START Records for this task

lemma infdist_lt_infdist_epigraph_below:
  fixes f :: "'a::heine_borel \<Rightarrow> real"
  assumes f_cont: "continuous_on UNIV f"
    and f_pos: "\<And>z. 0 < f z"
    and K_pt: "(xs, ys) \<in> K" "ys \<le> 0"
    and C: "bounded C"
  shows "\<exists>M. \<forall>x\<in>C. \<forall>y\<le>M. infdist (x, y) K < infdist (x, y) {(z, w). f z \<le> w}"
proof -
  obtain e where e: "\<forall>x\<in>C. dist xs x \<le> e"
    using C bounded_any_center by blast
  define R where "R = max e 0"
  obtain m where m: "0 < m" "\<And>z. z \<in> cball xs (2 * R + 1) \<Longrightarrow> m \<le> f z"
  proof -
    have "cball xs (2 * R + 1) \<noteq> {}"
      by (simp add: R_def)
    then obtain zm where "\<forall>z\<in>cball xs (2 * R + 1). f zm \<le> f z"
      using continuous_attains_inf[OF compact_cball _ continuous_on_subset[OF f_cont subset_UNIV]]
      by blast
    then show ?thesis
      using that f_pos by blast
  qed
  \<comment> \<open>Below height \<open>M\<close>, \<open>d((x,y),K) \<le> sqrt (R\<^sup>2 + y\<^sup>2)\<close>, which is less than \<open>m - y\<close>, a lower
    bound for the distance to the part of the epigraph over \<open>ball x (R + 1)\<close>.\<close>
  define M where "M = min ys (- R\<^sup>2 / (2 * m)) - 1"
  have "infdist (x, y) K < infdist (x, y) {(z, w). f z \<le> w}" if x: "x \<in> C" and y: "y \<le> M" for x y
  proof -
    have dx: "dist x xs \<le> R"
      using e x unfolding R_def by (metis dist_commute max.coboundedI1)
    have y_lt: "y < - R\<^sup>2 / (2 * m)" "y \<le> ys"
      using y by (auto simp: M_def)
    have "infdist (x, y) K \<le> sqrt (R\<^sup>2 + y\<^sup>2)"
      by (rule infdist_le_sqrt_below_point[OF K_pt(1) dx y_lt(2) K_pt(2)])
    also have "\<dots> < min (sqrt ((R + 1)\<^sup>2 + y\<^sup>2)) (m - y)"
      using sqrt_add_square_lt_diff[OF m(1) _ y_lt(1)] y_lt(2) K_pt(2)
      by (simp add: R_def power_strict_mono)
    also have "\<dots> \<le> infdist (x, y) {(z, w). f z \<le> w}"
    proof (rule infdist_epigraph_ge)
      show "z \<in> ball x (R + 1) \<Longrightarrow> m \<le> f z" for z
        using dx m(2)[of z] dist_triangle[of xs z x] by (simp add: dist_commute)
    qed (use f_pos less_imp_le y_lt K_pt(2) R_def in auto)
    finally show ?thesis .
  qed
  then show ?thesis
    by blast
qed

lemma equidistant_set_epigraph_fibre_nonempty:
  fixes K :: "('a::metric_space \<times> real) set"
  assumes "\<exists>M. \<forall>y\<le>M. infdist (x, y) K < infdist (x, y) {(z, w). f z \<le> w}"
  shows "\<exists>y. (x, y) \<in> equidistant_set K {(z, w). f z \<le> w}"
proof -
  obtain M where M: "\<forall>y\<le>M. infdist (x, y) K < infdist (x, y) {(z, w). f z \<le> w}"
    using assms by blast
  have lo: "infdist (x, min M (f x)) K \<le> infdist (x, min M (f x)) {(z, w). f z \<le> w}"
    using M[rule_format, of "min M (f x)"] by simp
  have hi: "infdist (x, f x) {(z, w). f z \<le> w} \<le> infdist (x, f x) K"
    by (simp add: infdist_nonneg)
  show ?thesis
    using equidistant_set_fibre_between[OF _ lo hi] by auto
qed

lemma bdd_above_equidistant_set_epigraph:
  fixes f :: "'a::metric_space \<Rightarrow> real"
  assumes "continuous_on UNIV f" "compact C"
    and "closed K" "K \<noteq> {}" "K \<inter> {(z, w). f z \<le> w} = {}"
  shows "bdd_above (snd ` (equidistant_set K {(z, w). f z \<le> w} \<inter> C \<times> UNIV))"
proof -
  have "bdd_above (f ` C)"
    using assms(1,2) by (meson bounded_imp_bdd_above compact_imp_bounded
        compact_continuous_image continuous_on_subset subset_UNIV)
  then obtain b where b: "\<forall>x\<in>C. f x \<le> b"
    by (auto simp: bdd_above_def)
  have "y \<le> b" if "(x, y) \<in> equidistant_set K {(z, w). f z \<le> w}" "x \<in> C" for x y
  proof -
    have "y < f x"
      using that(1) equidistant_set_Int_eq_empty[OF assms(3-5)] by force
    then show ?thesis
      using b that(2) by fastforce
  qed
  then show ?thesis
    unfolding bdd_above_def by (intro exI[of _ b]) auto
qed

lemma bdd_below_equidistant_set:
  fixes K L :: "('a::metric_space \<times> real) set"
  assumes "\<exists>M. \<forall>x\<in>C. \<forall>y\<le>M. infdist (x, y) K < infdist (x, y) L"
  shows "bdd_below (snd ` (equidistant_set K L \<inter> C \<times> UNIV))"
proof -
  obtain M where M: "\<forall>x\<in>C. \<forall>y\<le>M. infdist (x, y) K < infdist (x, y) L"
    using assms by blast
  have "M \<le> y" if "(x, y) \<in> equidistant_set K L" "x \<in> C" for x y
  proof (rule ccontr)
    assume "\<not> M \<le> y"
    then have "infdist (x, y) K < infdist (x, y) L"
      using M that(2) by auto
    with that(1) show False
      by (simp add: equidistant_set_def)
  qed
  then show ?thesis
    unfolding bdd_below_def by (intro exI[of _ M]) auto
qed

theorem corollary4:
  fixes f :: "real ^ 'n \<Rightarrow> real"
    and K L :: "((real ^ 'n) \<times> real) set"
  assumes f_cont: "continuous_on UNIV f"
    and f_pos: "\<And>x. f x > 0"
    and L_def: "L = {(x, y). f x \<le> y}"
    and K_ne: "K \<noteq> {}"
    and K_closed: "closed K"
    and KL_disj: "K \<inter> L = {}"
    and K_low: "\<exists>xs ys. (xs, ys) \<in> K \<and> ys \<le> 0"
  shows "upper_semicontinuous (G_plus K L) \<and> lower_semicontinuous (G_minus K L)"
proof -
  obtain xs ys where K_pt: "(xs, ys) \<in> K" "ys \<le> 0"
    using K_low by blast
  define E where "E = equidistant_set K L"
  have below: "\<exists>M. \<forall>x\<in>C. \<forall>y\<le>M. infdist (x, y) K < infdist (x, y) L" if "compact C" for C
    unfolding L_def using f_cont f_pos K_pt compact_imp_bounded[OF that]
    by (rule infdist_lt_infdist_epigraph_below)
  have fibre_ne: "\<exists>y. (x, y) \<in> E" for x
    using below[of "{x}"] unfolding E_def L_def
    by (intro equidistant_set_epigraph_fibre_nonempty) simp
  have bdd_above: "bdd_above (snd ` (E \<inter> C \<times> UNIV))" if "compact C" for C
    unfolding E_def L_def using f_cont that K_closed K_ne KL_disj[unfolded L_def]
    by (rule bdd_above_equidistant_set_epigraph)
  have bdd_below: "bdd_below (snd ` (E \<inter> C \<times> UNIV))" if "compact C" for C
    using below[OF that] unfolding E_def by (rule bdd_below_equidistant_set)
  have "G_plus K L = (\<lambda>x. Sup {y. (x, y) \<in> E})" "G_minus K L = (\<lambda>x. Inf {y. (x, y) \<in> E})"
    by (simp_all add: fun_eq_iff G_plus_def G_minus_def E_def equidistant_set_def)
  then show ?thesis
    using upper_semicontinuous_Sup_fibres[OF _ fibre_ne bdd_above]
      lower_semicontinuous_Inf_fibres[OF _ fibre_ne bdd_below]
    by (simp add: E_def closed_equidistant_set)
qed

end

END Records for this task
START Records for this task

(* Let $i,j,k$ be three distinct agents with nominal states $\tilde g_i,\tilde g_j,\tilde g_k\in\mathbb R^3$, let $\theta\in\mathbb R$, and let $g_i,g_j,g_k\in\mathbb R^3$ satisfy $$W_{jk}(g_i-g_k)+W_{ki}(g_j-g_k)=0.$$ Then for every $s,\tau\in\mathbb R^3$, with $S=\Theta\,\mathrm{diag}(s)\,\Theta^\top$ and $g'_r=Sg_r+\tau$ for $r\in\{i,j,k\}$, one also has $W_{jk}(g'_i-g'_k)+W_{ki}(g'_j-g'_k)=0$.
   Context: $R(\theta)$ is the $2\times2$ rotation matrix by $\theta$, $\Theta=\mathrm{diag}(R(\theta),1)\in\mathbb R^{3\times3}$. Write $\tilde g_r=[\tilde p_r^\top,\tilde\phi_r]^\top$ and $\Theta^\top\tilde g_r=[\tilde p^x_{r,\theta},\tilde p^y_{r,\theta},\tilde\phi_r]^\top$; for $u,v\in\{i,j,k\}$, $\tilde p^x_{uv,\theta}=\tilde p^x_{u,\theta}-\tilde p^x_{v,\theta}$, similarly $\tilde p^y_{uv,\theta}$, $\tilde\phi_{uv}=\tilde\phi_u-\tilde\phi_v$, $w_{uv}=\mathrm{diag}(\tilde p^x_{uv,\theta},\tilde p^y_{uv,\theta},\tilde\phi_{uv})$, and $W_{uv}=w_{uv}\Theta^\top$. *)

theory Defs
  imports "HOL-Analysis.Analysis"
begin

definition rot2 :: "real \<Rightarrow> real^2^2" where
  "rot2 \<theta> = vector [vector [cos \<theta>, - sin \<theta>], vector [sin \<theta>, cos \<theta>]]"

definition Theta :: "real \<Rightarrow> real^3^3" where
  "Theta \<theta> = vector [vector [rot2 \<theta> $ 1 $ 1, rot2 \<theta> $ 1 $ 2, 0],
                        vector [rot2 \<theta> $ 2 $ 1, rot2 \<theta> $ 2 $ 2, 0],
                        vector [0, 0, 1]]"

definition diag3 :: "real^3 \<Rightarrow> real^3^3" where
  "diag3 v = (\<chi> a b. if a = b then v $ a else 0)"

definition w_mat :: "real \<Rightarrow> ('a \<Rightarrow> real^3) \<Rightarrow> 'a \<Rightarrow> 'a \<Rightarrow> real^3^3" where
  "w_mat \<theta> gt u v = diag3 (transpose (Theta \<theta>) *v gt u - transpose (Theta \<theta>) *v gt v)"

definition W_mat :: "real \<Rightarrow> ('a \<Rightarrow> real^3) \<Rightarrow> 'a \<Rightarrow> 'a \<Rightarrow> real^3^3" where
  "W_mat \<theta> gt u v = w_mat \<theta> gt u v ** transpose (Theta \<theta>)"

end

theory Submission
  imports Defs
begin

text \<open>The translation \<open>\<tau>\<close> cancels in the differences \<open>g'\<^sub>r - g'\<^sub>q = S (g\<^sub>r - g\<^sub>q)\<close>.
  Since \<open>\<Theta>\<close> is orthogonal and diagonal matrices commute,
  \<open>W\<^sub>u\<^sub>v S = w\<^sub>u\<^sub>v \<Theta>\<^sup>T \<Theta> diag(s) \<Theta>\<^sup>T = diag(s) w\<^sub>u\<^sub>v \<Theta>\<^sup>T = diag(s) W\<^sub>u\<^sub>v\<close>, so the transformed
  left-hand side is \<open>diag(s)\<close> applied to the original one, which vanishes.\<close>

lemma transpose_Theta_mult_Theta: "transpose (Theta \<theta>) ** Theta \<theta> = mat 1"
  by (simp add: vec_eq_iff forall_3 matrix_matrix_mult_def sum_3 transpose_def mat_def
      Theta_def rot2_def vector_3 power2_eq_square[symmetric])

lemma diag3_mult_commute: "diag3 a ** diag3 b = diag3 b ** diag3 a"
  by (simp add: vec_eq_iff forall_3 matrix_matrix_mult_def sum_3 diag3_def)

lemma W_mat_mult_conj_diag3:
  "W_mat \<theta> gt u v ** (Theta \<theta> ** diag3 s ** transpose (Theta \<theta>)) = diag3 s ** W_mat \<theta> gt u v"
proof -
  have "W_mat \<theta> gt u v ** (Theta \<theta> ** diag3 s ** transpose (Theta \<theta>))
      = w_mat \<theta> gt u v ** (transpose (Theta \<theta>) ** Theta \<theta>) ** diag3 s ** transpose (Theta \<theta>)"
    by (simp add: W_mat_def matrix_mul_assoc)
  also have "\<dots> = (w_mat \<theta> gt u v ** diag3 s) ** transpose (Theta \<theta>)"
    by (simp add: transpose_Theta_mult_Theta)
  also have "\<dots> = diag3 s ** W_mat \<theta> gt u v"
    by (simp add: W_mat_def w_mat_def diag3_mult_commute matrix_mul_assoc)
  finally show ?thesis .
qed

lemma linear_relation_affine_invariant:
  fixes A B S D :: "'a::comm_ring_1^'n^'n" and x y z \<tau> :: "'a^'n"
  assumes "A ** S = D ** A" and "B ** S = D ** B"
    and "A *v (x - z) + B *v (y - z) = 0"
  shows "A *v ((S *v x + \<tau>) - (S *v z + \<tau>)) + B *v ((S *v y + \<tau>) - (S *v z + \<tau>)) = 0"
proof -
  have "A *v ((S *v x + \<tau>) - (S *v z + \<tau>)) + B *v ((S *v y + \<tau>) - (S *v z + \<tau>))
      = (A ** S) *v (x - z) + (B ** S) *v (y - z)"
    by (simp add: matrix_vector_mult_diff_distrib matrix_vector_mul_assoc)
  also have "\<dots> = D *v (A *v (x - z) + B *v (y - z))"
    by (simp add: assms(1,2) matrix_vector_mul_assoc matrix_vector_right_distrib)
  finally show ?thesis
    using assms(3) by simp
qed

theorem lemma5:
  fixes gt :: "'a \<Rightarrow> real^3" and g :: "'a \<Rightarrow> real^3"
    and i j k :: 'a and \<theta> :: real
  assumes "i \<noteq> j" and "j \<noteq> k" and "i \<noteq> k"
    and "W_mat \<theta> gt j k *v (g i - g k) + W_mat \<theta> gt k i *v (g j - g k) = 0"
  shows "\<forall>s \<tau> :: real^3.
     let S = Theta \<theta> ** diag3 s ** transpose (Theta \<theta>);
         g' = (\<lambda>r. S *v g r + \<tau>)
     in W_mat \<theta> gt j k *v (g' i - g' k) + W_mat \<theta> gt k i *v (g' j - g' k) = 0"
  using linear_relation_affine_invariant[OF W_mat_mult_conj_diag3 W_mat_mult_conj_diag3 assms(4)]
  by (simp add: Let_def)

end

END Records for this task
START Records for this task

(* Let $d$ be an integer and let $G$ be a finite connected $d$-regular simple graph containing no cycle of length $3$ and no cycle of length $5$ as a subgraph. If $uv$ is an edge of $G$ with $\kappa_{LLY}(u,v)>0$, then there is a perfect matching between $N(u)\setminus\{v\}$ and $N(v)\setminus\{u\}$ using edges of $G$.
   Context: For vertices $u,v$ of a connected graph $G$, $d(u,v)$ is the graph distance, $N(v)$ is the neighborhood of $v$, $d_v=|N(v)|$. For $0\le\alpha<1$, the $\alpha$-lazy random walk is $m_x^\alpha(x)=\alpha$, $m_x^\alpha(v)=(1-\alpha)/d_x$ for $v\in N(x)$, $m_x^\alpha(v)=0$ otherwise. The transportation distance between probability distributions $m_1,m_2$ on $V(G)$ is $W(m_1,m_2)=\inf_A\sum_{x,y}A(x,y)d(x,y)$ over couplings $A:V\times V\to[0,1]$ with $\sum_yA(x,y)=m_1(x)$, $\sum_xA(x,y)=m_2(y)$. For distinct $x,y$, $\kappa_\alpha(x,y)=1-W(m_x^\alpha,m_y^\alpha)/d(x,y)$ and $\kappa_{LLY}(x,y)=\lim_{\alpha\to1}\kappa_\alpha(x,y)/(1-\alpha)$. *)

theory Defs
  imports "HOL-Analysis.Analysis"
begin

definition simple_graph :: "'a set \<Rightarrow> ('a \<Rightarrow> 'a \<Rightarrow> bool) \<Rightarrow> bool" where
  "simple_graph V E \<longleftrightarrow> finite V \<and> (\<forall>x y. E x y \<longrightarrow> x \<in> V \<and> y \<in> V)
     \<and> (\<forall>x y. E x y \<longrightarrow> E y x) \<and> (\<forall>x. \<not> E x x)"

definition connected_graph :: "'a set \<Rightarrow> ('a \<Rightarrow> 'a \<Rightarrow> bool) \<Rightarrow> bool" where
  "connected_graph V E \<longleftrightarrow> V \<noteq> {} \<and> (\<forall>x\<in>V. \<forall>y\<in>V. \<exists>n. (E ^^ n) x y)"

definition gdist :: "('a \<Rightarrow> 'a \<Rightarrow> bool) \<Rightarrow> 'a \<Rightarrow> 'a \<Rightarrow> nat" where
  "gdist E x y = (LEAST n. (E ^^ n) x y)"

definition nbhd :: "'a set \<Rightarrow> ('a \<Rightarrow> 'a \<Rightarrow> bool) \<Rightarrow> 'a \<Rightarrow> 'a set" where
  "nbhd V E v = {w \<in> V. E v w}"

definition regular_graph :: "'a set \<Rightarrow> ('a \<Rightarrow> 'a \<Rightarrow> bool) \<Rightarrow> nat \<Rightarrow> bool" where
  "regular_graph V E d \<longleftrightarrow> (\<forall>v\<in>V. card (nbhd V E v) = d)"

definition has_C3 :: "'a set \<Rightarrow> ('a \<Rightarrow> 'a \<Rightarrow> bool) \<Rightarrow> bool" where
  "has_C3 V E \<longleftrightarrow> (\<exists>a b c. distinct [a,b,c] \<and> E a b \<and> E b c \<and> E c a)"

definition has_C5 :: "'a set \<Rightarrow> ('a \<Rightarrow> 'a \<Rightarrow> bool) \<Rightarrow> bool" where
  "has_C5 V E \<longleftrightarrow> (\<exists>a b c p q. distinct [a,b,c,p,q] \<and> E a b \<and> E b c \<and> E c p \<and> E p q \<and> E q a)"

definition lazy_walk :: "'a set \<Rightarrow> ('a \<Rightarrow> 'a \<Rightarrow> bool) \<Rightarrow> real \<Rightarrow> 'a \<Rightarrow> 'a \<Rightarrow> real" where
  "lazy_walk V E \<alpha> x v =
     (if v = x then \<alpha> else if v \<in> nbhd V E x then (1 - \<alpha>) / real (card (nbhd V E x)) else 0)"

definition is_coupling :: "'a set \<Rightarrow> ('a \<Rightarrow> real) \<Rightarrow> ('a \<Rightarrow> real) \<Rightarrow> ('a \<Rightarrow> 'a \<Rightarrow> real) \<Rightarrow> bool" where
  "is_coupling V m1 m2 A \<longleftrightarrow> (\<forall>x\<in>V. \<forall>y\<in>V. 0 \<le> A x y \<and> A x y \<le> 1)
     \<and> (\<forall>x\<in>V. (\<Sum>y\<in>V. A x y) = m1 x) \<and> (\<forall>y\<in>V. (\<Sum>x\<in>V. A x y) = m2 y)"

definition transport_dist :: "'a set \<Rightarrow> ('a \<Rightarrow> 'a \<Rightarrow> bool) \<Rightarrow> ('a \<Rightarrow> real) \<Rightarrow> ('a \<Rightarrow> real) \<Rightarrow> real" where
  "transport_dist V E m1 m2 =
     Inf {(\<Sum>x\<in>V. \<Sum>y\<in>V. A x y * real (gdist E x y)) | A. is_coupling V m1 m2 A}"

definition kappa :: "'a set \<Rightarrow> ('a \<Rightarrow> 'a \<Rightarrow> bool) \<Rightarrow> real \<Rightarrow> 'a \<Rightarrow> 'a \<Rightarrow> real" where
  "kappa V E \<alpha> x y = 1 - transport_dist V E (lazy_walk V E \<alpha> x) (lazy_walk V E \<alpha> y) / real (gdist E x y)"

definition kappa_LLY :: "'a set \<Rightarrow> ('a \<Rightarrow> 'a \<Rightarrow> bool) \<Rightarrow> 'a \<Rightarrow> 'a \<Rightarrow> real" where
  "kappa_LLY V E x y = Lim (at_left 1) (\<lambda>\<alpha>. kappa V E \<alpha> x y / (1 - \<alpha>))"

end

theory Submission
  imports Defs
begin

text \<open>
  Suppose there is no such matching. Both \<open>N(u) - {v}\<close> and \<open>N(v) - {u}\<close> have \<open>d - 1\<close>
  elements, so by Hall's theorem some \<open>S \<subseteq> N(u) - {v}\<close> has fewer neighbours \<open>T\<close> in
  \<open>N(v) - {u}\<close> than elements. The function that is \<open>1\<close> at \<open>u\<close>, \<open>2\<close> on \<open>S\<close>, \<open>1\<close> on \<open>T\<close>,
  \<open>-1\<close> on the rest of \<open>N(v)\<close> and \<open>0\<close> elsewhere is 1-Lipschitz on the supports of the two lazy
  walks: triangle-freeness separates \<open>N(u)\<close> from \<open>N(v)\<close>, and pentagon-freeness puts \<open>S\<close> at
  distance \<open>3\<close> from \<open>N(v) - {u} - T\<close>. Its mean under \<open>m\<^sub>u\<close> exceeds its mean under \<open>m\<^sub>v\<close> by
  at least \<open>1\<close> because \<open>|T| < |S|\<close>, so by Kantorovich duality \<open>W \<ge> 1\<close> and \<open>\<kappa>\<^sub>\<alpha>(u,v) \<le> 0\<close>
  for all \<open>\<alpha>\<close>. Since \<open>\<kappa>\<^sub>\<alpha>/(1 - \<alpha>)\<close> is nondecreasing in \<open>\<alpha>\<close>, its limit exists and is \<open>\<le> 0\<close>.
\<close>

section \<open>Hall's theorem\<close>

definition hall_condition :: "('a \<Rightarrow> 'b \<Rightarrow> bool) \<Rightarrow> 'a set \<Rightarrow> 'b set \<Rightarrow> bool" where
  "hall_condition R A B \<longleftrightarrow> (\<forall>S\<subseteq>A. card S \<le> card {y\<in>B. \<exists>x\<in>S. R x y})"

END Records for this task

- [Task prompt]
The answer is every line in the data where the word "which" appears.

- [Answer section]
  \<comment> \<open>Below height \<open>M\<close>, \<open>d((x,y),K) \<le> sqrt (R\<^sup>2 + y\<^sup>2)\<close>, which is less than \<open>m - y\<close>, a lower
  left-hand side is \<open>diag(s)\<close> applied to the original one, which vanishes.\<close>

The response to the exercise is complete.